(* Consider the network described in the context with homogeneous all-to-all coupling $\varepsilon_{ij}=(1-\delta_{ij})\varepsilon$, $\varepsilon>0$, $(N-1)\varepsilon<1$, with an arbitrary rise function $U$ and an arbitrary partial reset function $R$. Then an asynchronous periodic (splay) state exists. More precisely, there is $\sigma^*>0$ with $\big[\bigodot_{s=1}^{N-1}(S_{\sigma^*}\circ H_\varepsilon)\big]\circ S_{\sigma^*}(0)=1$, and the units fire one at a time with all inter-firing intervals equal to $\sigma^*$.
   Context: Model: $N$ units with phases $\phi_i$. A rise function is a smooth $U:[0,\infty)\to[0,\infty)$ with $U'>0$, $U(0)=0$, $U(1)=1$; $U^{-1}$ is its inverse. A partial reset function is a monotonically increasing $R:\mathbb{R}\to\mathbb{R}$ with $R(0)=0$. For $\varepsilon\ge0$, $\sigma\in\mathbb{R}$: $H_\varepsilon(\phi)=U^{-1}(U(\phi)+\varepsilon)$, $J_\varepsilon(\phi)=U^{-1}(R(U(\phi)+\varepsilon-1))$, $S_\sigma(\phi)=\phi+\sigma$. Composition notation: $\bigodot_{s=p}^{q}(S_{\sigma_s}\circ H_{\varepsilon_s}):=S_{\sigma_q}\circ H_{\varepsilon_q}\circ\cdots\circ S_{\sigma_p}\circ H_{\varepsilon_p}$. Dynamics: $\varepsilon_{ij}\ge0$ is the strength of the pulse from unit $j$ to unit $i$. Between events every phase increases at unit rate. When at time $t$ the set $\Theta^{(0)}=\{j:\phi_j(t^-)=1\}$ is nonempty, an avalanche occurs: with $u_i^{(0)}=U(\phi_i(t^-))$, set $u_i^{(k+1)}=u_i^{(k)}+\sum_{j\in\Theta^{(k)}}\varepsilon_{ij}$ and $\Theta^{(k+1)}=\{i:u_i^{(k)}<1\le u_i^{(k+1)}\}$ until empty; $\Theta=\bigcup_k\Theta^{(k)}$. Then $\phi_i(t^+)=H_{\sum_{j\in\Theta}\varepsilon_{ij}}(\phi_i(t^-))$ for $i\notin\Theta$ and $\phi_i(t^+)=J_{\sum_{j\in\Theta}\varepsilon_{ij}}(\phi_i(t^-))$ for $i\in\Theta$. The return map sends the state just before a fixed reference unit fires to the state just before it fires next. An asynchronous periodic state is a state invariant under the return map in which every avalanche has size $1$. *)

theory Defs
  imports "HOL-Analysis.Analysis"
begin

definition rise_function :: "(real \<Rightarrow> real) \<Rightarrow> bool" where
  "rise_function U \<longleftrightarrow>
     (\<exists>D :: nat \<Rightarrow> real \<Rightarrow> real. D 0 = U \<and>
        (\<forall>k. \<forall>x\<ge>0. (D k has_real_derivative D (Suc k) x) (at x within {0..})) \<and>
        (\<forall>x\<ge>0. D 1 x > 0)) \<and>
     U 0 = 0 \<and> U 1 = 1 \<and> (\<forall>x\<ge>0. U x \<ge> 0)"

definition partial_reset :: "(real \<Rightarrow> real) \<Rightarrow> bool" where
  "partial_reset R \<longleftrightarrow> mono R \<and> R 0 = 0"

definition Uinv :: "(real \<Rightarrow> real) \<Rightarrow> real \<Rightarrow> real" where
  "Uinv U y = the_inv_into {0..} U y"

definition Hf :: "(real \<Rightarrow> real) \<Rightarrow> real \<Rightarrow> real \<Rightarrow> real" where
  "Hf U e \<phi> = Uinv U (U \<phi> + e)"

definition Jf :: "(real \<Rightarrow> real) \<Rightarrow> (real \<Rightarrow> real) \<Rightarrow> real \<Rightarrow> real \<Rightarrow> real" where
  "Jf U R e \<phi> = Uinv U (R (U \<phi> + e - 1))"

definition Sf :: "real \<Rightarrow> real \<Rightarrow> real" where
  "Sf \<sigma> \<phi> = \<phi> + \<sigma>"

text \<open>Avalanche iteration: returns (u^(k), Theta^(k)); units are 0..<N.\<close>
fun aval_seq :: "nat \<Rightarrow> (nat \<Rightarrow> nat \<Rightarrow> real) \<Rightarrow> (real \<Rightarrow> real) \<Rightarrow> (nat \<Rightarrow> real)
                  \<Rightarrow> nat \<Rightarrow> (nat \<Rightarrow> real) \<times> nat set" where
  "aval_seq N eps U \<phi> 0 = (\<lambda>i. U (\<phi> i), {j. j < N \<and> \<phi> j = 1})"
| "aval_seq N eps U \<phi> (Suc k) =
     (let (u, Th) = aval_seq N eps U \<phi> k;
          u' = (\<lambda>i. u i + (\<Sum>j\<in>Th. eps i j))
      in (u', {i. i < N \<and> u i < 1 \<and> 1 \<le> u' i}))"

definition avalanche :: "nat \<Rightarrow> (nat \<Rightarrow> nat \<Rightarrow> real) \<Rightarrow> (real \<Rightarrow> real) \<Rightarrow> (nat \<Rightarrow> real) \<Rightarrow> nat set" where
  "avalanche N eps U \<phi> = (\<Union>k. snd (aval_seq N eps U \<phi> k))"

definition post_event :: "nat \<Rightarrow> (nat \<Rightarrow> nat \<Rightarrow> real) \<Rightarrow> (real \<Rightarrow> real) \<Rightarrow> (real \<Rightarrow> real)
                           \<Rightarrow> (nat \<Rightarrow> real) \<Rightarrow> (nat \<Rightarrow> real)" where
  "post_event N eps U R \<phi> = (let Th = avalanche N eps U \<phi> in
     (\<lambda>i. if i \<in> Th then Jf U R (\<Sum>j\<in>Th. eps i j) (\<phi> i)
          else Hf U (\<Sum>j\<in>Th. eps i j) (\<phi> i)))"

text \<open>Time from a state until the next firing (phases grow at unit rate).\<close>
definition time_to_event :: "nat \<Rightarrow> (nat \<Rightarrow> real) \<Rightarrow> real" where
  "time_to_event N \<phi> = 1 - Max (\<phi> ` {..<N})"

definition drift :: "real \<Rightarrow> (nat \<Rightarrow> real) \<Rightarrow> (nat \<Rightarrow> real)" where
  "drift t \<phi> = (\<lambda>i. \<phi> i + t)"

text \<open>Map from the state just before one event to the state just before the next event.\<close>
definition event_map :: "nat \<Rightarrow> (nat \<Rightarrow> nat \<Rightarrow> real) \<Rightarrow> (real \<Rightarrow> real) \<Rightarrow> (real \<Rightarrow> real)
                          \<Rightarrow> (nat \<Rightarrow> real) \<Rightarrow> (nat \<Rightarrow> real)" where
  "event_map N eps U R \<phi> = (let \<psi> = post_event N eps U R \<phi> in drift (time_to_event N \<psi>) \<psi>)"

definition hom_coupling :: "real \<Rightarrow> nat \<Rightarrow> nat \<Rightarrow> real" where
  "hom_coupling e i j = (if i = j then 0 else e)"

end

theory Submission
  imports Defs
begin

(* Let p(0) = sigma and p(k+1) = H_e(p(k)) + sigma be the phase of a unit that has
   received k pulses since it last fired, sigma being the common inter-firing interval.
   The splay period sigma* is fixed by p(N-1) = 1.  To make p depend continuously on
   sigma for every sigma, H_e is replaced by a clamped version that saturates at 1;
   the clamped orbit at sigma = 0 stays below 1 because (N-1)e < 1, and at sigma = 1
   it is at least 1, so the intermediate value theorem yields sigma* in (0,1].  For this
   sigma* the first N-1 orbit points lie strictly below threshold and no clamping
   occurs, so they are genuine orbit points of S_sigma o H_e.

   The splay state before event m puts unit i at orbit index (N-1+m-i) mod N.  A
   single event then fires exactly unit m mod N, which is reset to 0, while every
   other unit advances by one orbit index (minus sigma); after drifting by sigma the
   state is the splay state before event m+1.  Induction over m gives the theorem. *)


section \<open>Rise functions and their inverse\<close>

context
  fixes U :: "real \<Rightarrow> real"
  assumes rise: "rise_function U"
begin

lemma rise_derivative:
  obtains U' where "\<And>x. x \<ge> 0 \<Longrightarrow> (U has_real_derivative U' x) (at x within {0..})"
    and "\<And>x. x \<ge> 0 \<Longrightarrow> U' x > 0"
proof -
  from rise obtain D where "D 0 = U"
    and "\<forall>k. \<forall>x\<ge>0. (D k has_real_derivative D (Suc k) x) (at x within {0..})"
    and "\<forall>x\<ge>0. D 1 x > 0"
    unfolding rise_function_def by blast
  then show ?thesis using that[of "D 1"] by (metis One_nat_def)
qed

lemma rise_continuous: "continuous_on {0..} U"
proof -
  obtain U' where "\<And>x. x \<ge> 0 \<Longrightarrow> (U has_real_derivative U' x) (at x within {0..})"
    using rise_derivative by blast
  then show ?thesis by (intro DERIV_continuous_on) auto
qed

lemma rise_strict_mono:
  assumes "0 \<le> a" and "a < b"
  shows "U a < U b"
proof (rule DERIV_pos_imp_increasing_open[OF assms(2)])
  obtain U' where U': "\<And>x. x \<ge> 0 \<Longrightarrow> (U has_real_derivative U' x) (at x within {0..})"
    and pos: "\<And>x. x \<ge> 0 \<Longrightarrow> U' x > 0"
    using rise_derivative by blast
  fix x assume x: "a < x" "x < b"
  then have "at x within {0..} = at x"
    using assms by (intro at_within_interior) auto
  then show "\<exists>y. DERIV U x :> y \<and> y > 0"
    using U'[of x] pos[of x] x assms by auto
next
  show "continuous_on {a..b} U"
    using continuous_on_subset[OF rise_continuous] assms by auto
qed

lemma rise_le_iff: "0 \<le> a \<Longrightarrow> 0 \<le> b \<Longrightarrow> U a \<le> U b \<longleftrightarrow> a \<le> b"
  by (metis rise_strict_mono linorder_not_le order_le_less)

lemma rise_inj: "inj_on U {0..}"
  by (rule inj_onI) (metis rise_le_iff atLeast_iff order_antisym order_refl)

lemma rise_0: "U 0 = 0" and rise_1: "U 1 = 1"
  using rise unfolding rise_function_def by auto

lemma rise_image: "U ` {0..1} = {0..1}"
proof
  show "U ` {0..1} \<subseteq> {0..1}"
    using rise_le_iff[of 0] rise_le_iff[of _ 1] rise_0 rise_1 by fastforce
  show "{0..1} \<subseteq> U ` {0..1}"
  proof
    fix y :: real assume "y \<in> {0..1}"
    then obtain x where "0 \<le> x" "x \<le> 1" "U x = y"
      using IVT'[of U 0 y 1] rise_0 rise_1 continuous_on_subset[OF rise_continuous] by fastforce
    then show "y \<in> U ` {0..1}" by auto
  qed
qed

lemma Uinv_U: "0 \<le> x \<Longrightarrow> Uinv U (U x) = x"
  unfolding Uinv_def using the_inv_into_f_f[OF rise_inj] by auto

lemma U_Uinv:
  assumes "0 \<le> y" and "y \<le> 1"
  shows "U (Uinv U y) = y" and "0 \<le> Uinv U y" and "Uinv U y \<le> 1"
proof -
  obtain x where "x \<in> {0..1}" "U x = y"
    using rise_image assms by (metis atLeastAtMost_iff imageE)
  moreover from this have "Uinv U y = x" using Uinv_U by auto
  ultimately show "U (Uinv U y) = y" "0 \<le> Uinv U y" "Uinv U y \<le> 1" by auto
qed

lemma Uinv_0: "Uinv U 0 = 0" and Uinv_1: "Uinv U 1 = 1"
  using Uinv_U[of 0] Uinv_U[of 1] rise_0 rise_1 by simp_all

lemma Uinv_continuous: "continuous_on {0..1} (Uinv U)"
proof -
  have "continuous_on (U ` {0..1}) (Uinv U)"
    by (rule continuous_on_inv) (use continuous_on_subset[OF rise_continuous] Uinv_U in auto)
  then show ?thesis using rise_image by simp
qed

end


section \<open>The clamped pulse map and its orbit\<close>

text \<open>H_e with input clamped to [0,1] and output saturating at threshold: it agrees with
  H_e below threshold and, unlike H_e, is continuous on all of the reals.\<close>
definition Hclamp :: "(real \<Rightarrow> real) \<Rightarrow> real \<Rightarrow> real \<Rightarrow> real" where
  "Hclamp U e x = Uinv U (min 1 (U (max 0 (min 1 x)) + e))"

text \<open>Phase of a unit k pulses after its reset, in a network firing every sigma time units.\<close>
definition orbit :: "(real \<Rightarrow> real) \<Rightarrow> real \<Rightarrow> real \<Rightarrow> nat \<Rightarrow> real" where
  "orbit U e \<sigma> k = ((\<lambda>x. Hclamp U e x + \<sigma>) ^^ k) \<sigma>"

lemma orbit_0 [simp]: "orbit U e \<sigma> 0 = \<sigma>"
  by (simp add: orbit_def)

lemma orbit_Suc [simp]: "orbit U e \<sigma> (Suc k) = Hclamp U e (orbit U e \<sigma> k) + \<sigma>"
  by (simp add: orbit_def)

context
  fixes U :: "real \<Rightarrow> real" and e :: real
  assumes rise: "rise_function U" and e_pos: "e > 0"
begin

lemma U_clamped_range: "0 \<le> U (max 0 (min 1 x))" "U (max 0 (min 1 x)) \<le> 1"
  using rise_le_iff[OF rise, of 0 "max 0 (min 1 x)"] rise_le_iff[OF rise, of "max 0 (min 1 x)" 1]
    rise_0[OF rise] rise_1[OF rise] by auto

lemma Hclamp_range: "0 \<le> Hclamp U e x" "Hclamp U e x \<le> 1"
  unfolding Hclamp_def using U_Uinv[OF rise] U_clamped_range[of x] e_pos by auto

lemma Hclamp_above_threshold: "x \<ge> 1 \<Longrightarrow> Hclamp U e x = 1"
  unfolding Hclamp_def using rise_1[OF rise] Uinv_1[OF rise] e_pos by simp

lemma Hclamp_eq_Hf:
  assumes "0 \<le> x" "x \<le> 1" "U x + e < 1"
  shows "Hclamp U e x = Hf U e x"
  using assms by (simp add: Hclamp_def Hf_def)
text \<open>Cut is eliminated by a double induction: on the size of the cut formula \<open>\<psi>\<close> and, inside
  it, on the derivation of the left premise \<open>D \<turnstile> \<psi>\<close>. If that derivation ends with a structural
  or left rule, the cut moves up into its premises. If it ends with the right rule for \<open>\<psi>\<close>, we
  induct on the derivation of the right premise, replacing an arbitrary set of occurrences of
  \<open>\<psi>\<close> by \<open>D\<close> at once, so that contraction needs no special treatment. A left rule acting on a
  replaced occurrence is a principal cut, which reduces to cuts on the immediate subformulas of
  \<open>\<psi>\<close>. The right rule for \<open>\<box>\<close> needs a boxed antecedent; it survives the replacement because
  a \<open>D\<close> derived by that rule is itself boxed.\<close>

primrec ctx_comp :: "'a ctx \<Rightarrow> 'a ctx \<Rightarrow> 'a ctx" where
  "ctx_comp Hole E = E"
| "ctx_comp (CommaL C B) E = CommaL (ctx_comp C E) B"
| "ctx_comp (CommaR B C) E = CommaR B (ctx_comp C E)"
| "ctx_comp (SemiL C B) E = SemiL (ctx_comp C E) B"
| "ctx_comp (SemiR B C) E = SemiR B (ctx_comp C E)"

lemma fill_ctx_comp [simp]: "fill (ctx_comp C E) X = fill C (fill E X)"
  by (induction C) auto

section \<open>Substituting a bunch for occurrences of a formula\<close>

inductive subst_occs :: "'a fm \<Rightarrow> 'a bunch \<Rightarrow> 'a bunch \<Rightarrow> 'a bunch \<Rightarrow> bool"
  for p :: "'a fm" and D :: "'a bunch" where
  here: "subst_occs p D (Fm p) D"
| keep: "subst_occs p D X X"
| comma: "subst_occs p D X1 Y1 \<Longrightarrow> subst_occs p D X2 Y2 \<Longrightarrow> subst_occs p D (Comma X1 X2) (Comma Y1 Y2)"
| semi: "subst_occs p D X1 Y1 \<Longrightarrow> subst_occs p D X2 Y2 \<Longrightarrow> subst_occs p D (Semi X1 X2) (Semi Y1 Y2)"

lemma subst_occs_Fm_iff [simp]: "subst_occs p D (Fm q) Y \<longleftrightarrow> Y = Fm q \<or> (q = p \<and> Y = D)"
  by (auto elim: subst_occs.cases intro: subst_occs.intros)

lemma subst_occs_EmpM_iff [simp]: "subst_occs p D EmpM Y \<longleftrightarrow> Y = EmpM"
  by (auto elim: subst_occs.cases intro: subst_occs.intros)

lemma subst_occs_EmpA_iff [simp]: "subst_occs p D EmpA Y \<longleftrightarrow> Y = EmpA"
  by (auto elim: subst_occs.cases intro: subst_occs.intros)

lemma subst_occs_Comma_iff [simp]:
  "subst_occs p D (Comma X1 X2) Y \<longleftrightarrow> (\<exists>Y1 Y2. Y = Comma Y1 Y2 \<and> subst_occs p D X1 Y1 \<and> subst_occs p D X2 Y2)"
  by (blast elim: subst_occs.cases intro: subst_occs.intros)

────

Copy out, exactly and alone, the lines of the entries above between the ones holding "real \<Rightarrow> real \<Rightarrow> nat" and "unfolding Hclamp_def using U_Uinv[OF", inclusive.

## [Exercise result]
definition orbit :: "(real \<Rightarrow> real) \<Rightarrow> real \<Rightarrow> real \<Rightarrow> nat \<Rightarrow> real" where
  "orbit U e \<sigma> k = ((\<lambda>x. Hclamp U e x + \<sigma>) ^^ k) \<sigma>"

lemma orbit_0 [simp]: "orbit U e \<sigma> 0 = \<sigma>"
  by (simp add: orbit_def)

lemma orbit_Suc [simp]: "orbit U e \<sigma> (Suc k) = Hclamp U e (orbit U e \<sigma> k) + \<sigma>"
  by (simp add: orbit_def)

context
  fixes U :: "real \<Rightarrow> real" and e :: real
  assumes rise: "rise_function U" and e_pos: "e > 0"
begin

lemma U_clamped_range: "0 \<le> U (max 0 (min 1 x))" "U (max 0 (min 1 x)) \<le> 1"
  using rise_le_iff[OF rise, of 0 "max 0 (min 1 x)"] rise_le_iff[OF rise, of "max 0 (min 1 x)" 1]
    rise_0[OF rise] rise_1[OF rise] by auto

lemma Hclamp_range: "0 \<le> Hclamp U e x" "Hclamp U e x \<le> 1"
  unfolding Hclamp_def using U_Uinv[OF rise] U_clamped_range[of x] e_pos by auto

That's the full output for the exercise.